Sunday, September 17, 2006

In Memory of Oriana Fallaci

Today is Sunday, 17 September 2006.

It is with great sorrow that the Museum of the Bourgeois memorializes the death of Oriana Fallaci (1929-2006), who died Friday past.

When she was ten, Oriana Fallaci became a lookout for the Anti-Fascist Resistance in Florence, joining her father. In the ‘60s and ‘70s, she became famous as a war correspondent and the pitbull of interviewers of political figures.

In Mexico City in 1968, when leftist students protested shortly before the Summer Olympics were to start there, and the PRI dictatorship massacred several thousands, she was left for dead after being shot three times.

She fell in love with Alekos Panagoulis, a Greek poet who tried to kill the Greek fascist military dictatorship leader, Papadapoulos. Panagoulis was assassinated in 1976 by Greek fascists.

HH began reading her work in high school, about 1968, and greatly valued and admired her work.

Who couldn’t help but love a journalist who could get Henry Kissinger to self-fawningly portray himself, in his own words, as “the cowboy who leads the wagon train by riding ahead alone on his horse, the cowboy who rides all alone into the town”.

She had battled cancer for the past ten years or so. I have no wish to be patronizing, but perhaps that is why she wrote things after 9-11 which were so uncharacteristic.

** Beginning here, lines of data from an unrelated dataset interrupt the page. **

lemma prod_tendsto_exp_neg:
  fixes \<phi> :: "nat \<Rightarrow> nat \<Rightarrow> complex" and a :: "nat \<Rightarrow> nat \<Rightarrow> real"
  assumes \<phi>_le_1: "\<And>n i. i < n \<Longrightarrow> cmod (\<phi> n i) \<le> 1"
    and a_nonneg: "\<And>n i. i < n \<Longrightarrow> 0 \<le> a n i"
    and a_sum: "(\<lambda>n. \<Sum>i<n. a n i) \<longlonglongrightarrow> \<alpha>"
    and a_small: "\<And>e. e > 0 \<Longrightarrow> \<forall>\<^sub>F n in sequentially. \<forall>i<n. a n i \<le> e"
    and approx: "(\<lambda>n. \<Sum>i<n. cmod (\<phi> n i - (1 - a n i))) \<longlonglongrightarrow> 0"
  shows "(\<lambda>n. \<Prod>i<n. \<phi> n i) \<longlonglongrightarrow> complex_of_real (exp (- \<alpha>))"
proof -
  have a_le_1: "\<forall>\<^sub>F n in sequentially. \<forall>i<n. a n i \<le> 1" using a_small[of 1] by simp
  have "(\<lambda>n. (\<Prod>i<n. \<phi> n i) - (\<Prod>i<n. complex_of_real (1 - a n i))) \<longlonglongrightarrow> 0"
  proof (rule Lim_null_comparison[OF _ approx])
    show "\<forall>\<^sub>F n in sequentially. norm ((\<Prod>i<n. \<phi> n i) - (\<Prod>i<n. complex_of_real (1 - a n i)))
       \<le> (\<Sum>i<n. cmod (\<phi> n i - (1 - a n i)))"
      using a_le_1 by eventually_elim
        (rule order_trans[OF norm_prod_diff],
         use \<phi>_le_1 a_nonneg in \<open>auto intro!: cmod_one_minus_of_real_le_1\<close>)
  qed
  moreover have "(\<lambda>n. (\<Prod>i<n. complex_of_real (1 - a n i)) - complex_of_real (exp (- (\<Sum>i<n. a n i))))
      \<longlonglongrightarrow> 0"
  proof (rule Lim_null_comparison)
    show "(\<lambda>n. \<Sum>i<n. (a n i)\<^sup>2) \<longlonglongrightarrow> 0"
      using sum_abs_mult_tendsto_0[of a \<alpha> a] a_nonneg a_sum a_small
      by (simp add: power2_eq_square)
    show "\<forall>\<^sub>F n in sequentially. norm ((\<Prod>i<n. complex_of_real (1 - a n i))
        - complex_of_real (exp (- (\<Sum>i<n. a n i)))) \<le> (\<Sum>i<n. (a n i)\<^sup>2)"
      using a_le_1
    proof eventually_elim
      case (elim n)
      have "norm ((\<Prod>i<n. complex_of_real (1 - a n i)) - complex_of_real (exp (- (\<Sum>i<n. a n i))))
          = \<bar>(\<Prod>i<n. 1 - a n i) - exp (- (\<Sum>i<n. a n i))\<bar>"
        by (simp only: of_real_prod[symmetric] of_real_diff[symmetric] norm_of_real)
      also have "\<dots> \<le> (\<Sum>i<n. (a n i)\<^sup>2)"
        using elim a_nonneg by (intro abs_prod_one_minus_exp_sum_le) auto
      finally show ?case .
    qed
  qed
  moreover have "(\<lambda>n. complex_of_real (exp (- (\<Sum>i<n. a n i)))) \<longlonglongrightarrow> complex_of_real (exp (- \<alpha>))"
    by (intro tendsto_intros a_sum)
  ultimately have "(\<lambda>n. ((\<Prod>i<n. \<phi> n i) - (\<Prod>i<n. complex_of_real (1 - a n i))) +
     ((\<Prod>i<n. complex_of_real (1 - a n i)) - complex_of_real (exp (- (\<Sum>i<n. a n i))))
     + complex_of_real (exp (- (\<Sum>i<n. a n i)))) \<longlonglongrightarrow> 0 + 0 + complex_of_real (exp (- \<alpha>))"
    by (intro tendsto_add)
  then show ?thesis by simp
qed
text \<open>Flipping the first coordinate negates the label, so q0_term differs at x and at the flipped
  point by the sum of the two squared Rademacher sums, whose average is 2.\<close>

lemma average_q0_term_deviation_square_ge: "1 \<le> average (hypercube d) (\<lambda>x. (q0_term d w x - c)^2)"
proof -
  let ?S = "rademacher_sum d w" and ?Y = "q0_term d w" and ?flip = "\<lambda>x::nat \<Rightarrow> real. x(0 := - x 0)"
  have "2 * (?S x ^ 2 + ?S (?flip x) ^ 2) - 2 \<le> (?Y x - c)^2 + (?Y (?flip x) - c)^2"
    if x: "x \<in> hypercube d" for x
  proof -
    define a b where "a = ?S x ^ 2" and "b = ?S (?flip x) ^ 2"
    have "label (?flip x) = - label x" by (simp add: label_def)
    then have "?Y x - ?Y (?flip x) = label x * (a + b)"
      by (simp add: q0_term_def a_def b_def algebra_simps)
    then have "(?Y x - ?Y (?flip x))^2 = (a + b)^2"
      using label_square[OF d x] by (simp add: power_mult_distrib)
    then have "(a + b)^2 / 2 \<le> (?Y x - c)^2 + (?Y (?flip x) - c)^2"
      using zero_le_power2[of "?Y x + ?Y (?flip x) - 2 * c"]
      by (simp add: power2_eq_square field_simps)
    moreover have "2 * (a + b) - 2 \<le> (a + b)^2 / 2"
      using zero_le_power2[of "a + b - 2"] by (simp add: power2_eq_square field_simps)
    ultimately show ?thesis unfolding a_def b_def by linarith
  qed
  then have "average (hypercube d) (\<lambda>x. 2 * (?S x ^ 2 + ?S (?flip x) ^ 2) - 2)
      \<le> average (hypercube d) (\<lambda>x. (?Y x - c)^2 + (?Y (?flip x) - c)^2)"
    by (rule average_mono)
  then show ?thesis
    using d average_hypercube_flip[of 0 d "\<lambda>x. ?S x ^ 2"]
      average_hypercube_flip[of 0 d "\<lambda>x. (?Y x - c)^2"]
    by (simp add: average_rademacher_sum_square unit)
qed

In a Wall Street Journal interview in 2005, she said: “Europe is no longer Europe. It is 'Eurabia,’ a colony of Islam, where the Islamic invasion does not proceed only in a physical sense, but also in a mental and cultural sense. Servility to the invaders has poisoned democracy, with obvious consequences for the freedom of thought, and for the concept itself of liberty.”

This is nonsense.

Gradually, time will erase the nonsense, and all we will remember is the brave journalist.

2 Comments:

Anonymous Anonymous said...

I am unwilling to accept the assertion that "this is nonsense," without further context. Ms. Fallaci's statement that you quoted, expressed in a vacuum is clearly intolerant and the terms "Bigot" and "Racist" leap to the fore.

However, if the context is that the cultural interaction generated by the influence of Islamic theocracy has produced a society in which the loss of civil liberties has been accelerated or in which a backlash reminiscent of a variety of medieval attitudes or political institutions has been created, then a forum for the further examination of the dynamics that she appears to be illuminating, has merit.

3:53 PM  
Blogger HH said...

My apologies for the vagueness. Sadness sometimes trumps accuracy.

All theocracies are inherently racist and bigoted, and the enemies of human rights. That goes for the Christofascists of USA, the Islamofascists of Iran, the Buddhofascists of Sri Lanka, etc. Her error is extending the indictment to all believers in every diety. (She was rather a crank atheist, as some are crank Christians, Muslims, etc.)

The nonsense is that Europe has become the slave of Islam. That smacks of the Birchers asserting that Dwight Eisenhower was "a conscious agent of the Communist Conspiracy".